Hi! There has been a recent change on using set_doc_option. It was deprecated a few days ago. You can check the release notes here: [https://github.com/PyFPDF/fpdf2/releases]
Now, without the set_doc_option, it says "the FPDF.set_doc_option() method is deprecated in favour of just setting the core_fonts_encoding property on an instance of FPDF
."
I'm not sure what it means to an instance of FPDF but when I did the following: pdf = FPDF('P', 'mm', 'Legal').core_fonts_encoding('utf-8')
it produced an error: AttributeError: 'FPDF' object has no attribute 'core_fonts_encoding'
Am I doing it wrong? Thanks, appreciate who can help.
Have the same issue
file "pdf_report.py", line 13, in <module>
pdf = FPDF(orientation = 'L', unit = 'mm', format = 'A4').core_fonts_encoding('utf-8')

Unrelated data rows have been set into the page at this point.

lemma is_cofinalityE:
  assumes "is_cofinality th A"
  obtains g where "g ` Field th \<subseteq> A" and "cofinal (g ` Field th) |A|"
    and "\<And>D. D \<subseteq> A \<Longrightarrow> cofinal D |A| \<Longrightarrow> |Field th| \<le>o |D|"
proof -
  obtain C where C: "C \<subseteq> A" "cofinal C |A|" "|Field th| =o |C|"
    and C_min: "\<And>D. D \<subseteq> A \<Longrightarrow> cofinal D |A| \<Longrightarrow> |C| \<le>o |D|"
    using assms unfolding is_cofinality_def Field_card_of by blast
  obtain g where "bij_betw g (Field th) C"
    using C(3) card_of_ordIso by blast
  then have "g ` Field th = C" by (rule bij_betw_imp_surj_on)
  show thesis
  proof (rule that)
    show "g ` Field th \<subseteq> A" and "cofinal (g ` Field th) |A|"
      using C \<open>g ` Field th = C\<close> by auto
    show "|Field th| \<le>o |D|" if "D \<subseteq> A" and "cofinal D |A|" for D
      using ordIso_ordLeq_trans[OF C(3) C_min[OF that]] .
  qed
qed

lemma is_cofinality_infinite:
  assumes "is_cofinality th A" and "infinite A"
  shows "infinite (Field th)"
proof
  assume "finite (Field th)"
  obtain g where "g ` Field th \<subseteq> A" "cofinal (g ` Field th) |A|"
    using assms(1) by (rule is_cofinalityE)
  moreover have "A \<noteq> {}" using assms(2) by blast
  ultimately show False
    using wo_rel.finite_not_cofinal[OF wo_rel_card_of] \<open>finite (Field th)\<close>
    by (metis Field_card_of finite_imageI)
qed

lemma cofinality_chain:
  assumes "is_cofinality th A"
  obtains T where "\<And>i. T i \<subseteq> A" and "relChain th T" and "A \<subseteq> (\<Union>i\<in>Field th. T i)"
    and "\<And>i. i \<in> Field th \<Longrightarrow> |T i| <o |A|"
proof -
  obtain g where g: "g ` Field th \<subseteq> A" "cofinal (g ` Field th) |A|"
    and g_min: "\<And>D. D \<subseteq> A \<Longrightarrow> cofinal D |A| \<Longrightarrow> |Field th| \<le>o |D|"
    using assms by (rule is_cofinalityE) (rule that)
  have th: "Card_order th" using assms unfolding is_cofinality_def by blast
  then have "Well_order th" unfolding card_order_on_def by blast
  then have th_refl: "Refl th" and th_trans: "trans th"
    by (simp_all add: order_on_defs)
  interpret r: wo_rel "|A|" by (rule wo_rel_card_of)
  define T where "T i = (\<Union>j\<in>under th i. underS |A| (g j))" for i
  show thesis
  proof
    show "T i \<subseteq> A" for i
      unfolding T_def by (auto dest: underS_Field simp: Field_card_of)
    show "relChain th T"
      unfolding relChain_def T_def using under_incr[OF th_trans] by blast
    show "A \<subseteq> (\<Union>i\<in>Field th. T i)"
    proof
      fix x assume "x \<in> A"
      then obtain j where j: "j \<in> Field th" "x \<noteq> g j" "(x, g j) \<in> |A|"
        using g(2) unfolding cofinal_def Field_card_of by blast
      have "j \<in> under th j"
        using j(1) th_refl unfolding under_def refl_on_def by blast
      then show "x \<in> (\<Union>i\<in>Field th. T i)"
        using j unfolding T_def underS_def by blast
    qed
    fix i assume i: "i \<in> Field th"
    have "|g ` underS th i| \<le>o |underS th i|" by (rule card_of_image)
    also have "|underS th i| <o th" using card_of_underS[OF th i] .
    also have "th =o |Field th|" using card_of_Field_ordIso[OF th] ordIso_symmetric by blast
    finally have small: "|g ` underS th i| <o |Field th|" .
    have D: "g ` underS th i \<subseteq> Field |A|"
      using g(1) Order_Relation.underS_Field[of th i] by (auto simp: Field_card_of)
    have "\<not> cofinal (g ` underS th i) |A|"
      using g_min small D not_ordLess_ordLeq by (metis Field_card_of)
    moreover have "g i \<in> Field |A|" using g(1) i by (auto simp: Field_card_of)
    ultimately obtain a where a: "a \<in> Field |A|" "(g i, a) \<in> |A|" "\<forall>d\<in>g ` underS th i. (d, a) \<in> |A|"
      using r.not_cofinal_imp_bounded[OF D] by blast
    have "(g j, a) \<in> |A|" if "j \<in> under th i" for j
      using a that unfolding under_def underS_def by (cases "j = i") auto
    then have "underS |A| (g j) \<subseteq> underS |A| a" if "j \<in> under th i" for j
      using underS_incr[OF r.TRANS r.ANTISYM] that by blast
    then have "T i \<subseteq> underS |A| a"
      unfolding T_def by blast
    then have "|T i| \<le>o |underS |A| a|" by (rule card_of_mono1)
    also have "|underS |A| a| <o |A|"
      using card_of_underS[OF card_of_Card_order a(1)] .
    finally show "|T i| <o |A|" .
  qed
qed

lemma restr_simps [simp]:
  "dom (restr M S) = S" "fn (restr M S) = fn M" "rl (restr M S) = rl M"
  "restr (restr M S) T = restr M T"
  by (simp_all add: restr_def)

lemma gen_least:
  assumes "X \<subseteq> S" and "is_struc ar (restr N S)"
  shows "gen ar N X \<subseteq> S"
proof
  fix x assume "x \<in> gen ar N X"
  then show "x \<in> S"
  proof induction
    case (gen_base x)
    then show ?case using assms(1) by blast
  next
    case (gen_step xs f)
    then have "set xs \<subseteq> S" by blast
    then show ?case using gen_step.hyps(1) assms(2) unfolding is_struc_def by simp
  qed
qed

lemma is_struc_restr_gen: "is_struc ar (restr N (gen ar N X))"
  unfolding is_struc_def by (auto intro: gen.gen_step)

lemma gen_subset_dom: "is_struc ar N \<Longrightarrow> X \<subseteq> dom N \<Longrightarrow> gen ar N X \<subseteq> dom N"
  by (rule gen_least) (simp_all add: is_struc_def)

lemma gen_mono: "X \<subseteq> Y \<Longrightarrow> gen ar N X \<subseteq> gen ar N Y"
  by (rule gen_least) (auto intro: gen.gen_base is_struc_restr_gen)

lemma gen_cong:
  assumes "fn M = fn M'"
  shows "gen ar M X = gen ar M' X"
proof -
  have "gen ar M X \<subseteq> gen ar M' X" if "fn M = fn M'" for M M'
  proof
    fix x assume "x \<in> gen ar M X"
    then show "x \<in> gen ar M' X"
    proof induction
      case (gen_step xs f)
      then have "fn M' f xs \<in> gen ar M' X" by (intro gen.gen_step) auto
      then show ?case using that by simp
    qed (rule gen.gen_base)
  qed
  from this[OF assms] this[OF assms[symmetric]] show ?thesis by (rule subset_antisym)
qed

lemma gen_restr [simp]: "gen ar (restr M S) X = gen ar M X"
  by (rule gen_cong) simp

lemma card_of_lists_ordLeq_infinite:
  assumes B: "infinite B" and G: "|G| \<le>o |B|"
  shows "|lists G| \<le>o |B|"
proof -
  have B_card: "Card_order |B|" by (rule card_of_Card_order)
  have B_Field: "infinite (Field (card_of B))" using B by (simp add: Field_card_of)
  have length_n: "card_of {xs. set xs \<subseteq> G \<and> length xs = n} \<le>o |B|" for n
  proof (induction n)
    case 0
    have "{xs. set xs \<subseteq> G \<and> length xs = 0} = {[]}" by auto
    then show ?case using card_of_singl_ordLeq[OF infinite_imp_nonempty[OF B]] by simp
  next
    case (Suc n)
    have "card_of {xs. set xs \<subseteq> G \<and> length xs = Suc n}
        \<le>o card_of ({xs. set xs \<subseteq> G \<and> length xs = n} \<times> G)"
      unfolding lists_length_Suc_eq by (rule card_of_image)
    also have "card_of ({xs. set xs \<subseteq> G \<and> length xs = n} \<times> G) \<le>o |B|"
      using card_of_Times_ordLeq_infinite_Field[OF B_Field Suc.IH G B_card] .
    finally show ?case .
  qed
  have nat: "|UNIV :: nat set| \<le>o |B|" using B infinite_iff_card_of_nat by blast
  have "card_of (\<Union>n. {xs. set xs \<subseteq> G \<and> length xs = n}) \<le>o |B|"
    by (rule card_of_UNION_ordLeq_infinite[OF B nat]) (simp add: length_n)
  moreover have "lists G = (\<Union>n. {xs. set xs \<subseteq> G \<and> length xs = n})" by auto
  ultimately show ?thesis by simp
qed

primrec gen_stage :: "('a, 'f, 'r) struc \<Rightarrow> 'a set \<Rightarrow> nat \<Rightarrow> 'a set" where
  "gen_stage N X 0 = X"
| "gen_stage N X (Suc n) =
     gen_stage N X n \<union> (\<lambda>(f, xs). fn N f xs) ` (UNIV \<times> lists (gen_stage N X n))"

lemma gen_stage_mono: "m \<le> n \<Longrightarrow> gen_stage N X m \<subseteq> gen_stage N X n"
  by (rule lift_Suc_mono_le[of "gen_stage N X"]) auto

lemma gen_subset_UN_gen_stage: "gen ar N X \<subseteq> (\<Union>n. gen_stage N X n)"
proof (rule gen_least)
  have list_in_stage: "\<exists>n. set xs \<subseteq> gen_stage N X n"
    if "set xs \<subseteq> (\<Union>n. gen_stage N X n)" for xs
    using that
  proof (induction xs)
    case (Cons x xs)
    then obtain m n where "x \<in> gen_stage N X m" "set xs \<subseteq> gen_stage N X n" by auto
    moreover have "gen_stage N X m \<subseteq> gen_stage N X (max m n)"
      and "gen_stage N X n \<subseteq> gen_stage N X (max m n)"
      by (simp_all add: gen_stage_mono)
    ultimately have "set (x # xs) \<subseteq> gen_stage N X (max m n)" by auto
    then show ?case ..
  qed simp
  show "is_struc ar (restr N (\<Union>n. gen_stage N X n))"
    unfolding is_struc_def
  proof (intro allI impI)
    fix f xs assume "length xs = ar f \<and> set xs \<subseteq> dom (restr N (\<Union>n. gen_stage N X n))"
    then obtain n where "set xs \<subseteq> gen_stage N X n" using list_in_stage[of xs] by auto
    then have "fn N f xs \<in> gen_stage N X (Suc n)" by force
    then show "fn (restr N (\<Union>n. gen_stage N X n)) f xs \<in> dom (restr N (\<Union>n. gen_stage N X n))"
      unfolding restr_simps by (rule UN_I[OF UNIV_I])
  qed
  show "X \<subseteq> (\<Union>n. gen_stage N X n)"
    using UN_upper[of 0 UNIV "gen_stage N X"] by simp
qed

lemma card_of_gen_stage:
  assumes B: "infinite B" and X: "|X| \<le>o |B|" and F: "|UNIV :: 'f set| \<le>o |B|"
  shows "|gen_stage (N :: ('a, 'f, 'r) struc) X n| \<le>o |B|"
proof (induction n)
  case 0
  then show ?case using X by simp
next
  case (Suc n)
  have B_card: "Card_order |B|" by (rule card_of_Card_order)
  have B_Field: "infinite (Field (card_of B))" using B by (simp add: Field_card_of)
  have "card_of ((\<lambda>(f, xs). fn N f xs) ` (UNIV \<times> lists (gen_stage N X n)))
      \<le>o card_of ((UNIV :: 'f set) \<times> lists (gen_stage N X n))"
    by (rule card_of_image)
  also have "card_of ((UNIV :: 'f set) \<times> lists (gen_stage N X n)) \<le>o |B|"
    using card_of_Times_ordLeq_infinite_Field[OF B_Field F
        card_of_lists_ordLeq_infinite[OF B Suc.IH] B_card] .
  finally show ?case
    using card_of_Un_ordLeq_infinite_Field[OF B_Field Suc.IH _ B_card] by simp
qed

lemma card_of_gen_ordLeq_infinite:
  assumes B: "infinite B" and X: "|X| \<le>o |B|" and F: "|UNIV :: 'f set| \<le>o |B|"
  shows "|gen (ar :: 'f \<Rightarrow> nat) N X| \<le>o |B|"
proof -
  have "|\<Union>n. gen_stage N X n| \<le>o |B|"
    using card_of_UNION_ordLeq_infinite[OF B infinite_iff_card_of_nat[THEN iffD1, OF B]]
      card_of_gen_stage[OF B X F] by blast
  then show ?thesis
    using card_of_mono1[OF gen_subset_UN_gen_stage] ordLeq_transitive by blast
qed

lemma card_of_gen_ordLess:
  assumes nat: "|UNIV :: nat set| <o |A|" and F: "|UNIV :: 'f set| <o |A|" and X: "|X| <o |A|"
  shows "|gen (ar :: 'f \<Rightarrow> nat) N X| <o |A|"
proof -
  let ?B = "X <+> (UNIV :: 'f set) <+> (UNIV :: nat set)"
  have A: "infinite A" using nat infinite_iff_card_of_nat ordLess_imp_ordLeq by blast
  have "|gen ar N X| \<le>o |?B|"
    by (intro card_of_gen_ordLeq_infinite card_of_Plus1 ordLeq_transitive[OF card_of_Plus1 card_of_Plus2])
      simp
  also have "|?B| <o |A|"
    using card_of_Plus_ordLess_infinite[OF A X card_of_Plus_ordLess_infinite[OF A F nat]] .
  finally show ?thesis .
qed

lemma substruc_restr:
  "is_struc ar M \<Longrightarrow> is_struc ar (restr M S) \<Longrightarrow> S \<subseteq> dom M \<Longrightarrow> substruc ar rar (restr M S) M"
  unfolding substruc_def by simp

lemma is_struc_restr_Int:
  assumes "substruc ar rar M N" and "is_struc ar (restr N S)"
  shows "is_struc ar (restr M (dom M \<inter> S))"
  using assms unfolding substruc_def is_struc_def by auto

definition hereditary_class :: "('f \<Rightarrow> nat) \<Rightarrow> (('a, 'f, 'r) struc \<Rightarrow> bool) \<Rightarrow> bool" where
  "hereditary_class ar K \<longleftrightarrow> (\<forall>M. K M \<longrightarrow> is_struc ar M) \<and>
     (\<forall>M S. K M \<and> S \<subseteq> dom M \<and> is_struc ar (restr M S) \<longrightarrow> K (restr M S))"

lemma lf_group_hereditary: "hereditary_class ar (lf_group ar m iv e)"
  unfolding hereditary_class_def lf_group_def by (simp add: subset_iff)

lemma universal_class_hereditary:
  assumes K: "universal_class ar rar K"
  shows "hereditary_class ar K"
proof -
  have K_struc: "K M \<Longrightarrow> is_struc ar M" for M
    using K unfolding universal_class_def by blast
  have K_iff: "K M \<longleftrightarrow> (\<forall>X. finite X \<and> X \<subseteq> dom M \<longrightarrow> K (restr M (gen ar M X)))"
    if "is_struc ar M" for M
    using K that unfolding universal_class_def by blast
  have "K (restr M S)" if "K M" "S \<subseteq> dom M" "is_struc ar (restr M S)" for M S
    using K_iff[OF K_struc[OF \<open>K M\<close>]] K_iff[OF \<open>is_struc ar (restr M S)\<close>] that by auto
  with K_struc show ?thesis unfolding hereditary_class_def by blast
qed

lemma finite_ordLess_infinite_set: "finite X \<Longrightarrow> infinite A \<Longrightarrow> |X| <o |A|"
  using finite_ordLess_infinite[of "|X|" "|A|"] by (simp add: Field_card_of card_of_well_order_on)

AttributeError: 'FPDF' object has no attribute 'core_fonts_encoding'
@pampam07 @vade PyFPDF is not maintained anymore, you may want to check PyFPDF/fpdf2 as a successor, with a 99%-compatible API
Ah good to know. Thanks. FWIW I realized I wasnt defining / setting a font - doing that appears to have solved my issue(s)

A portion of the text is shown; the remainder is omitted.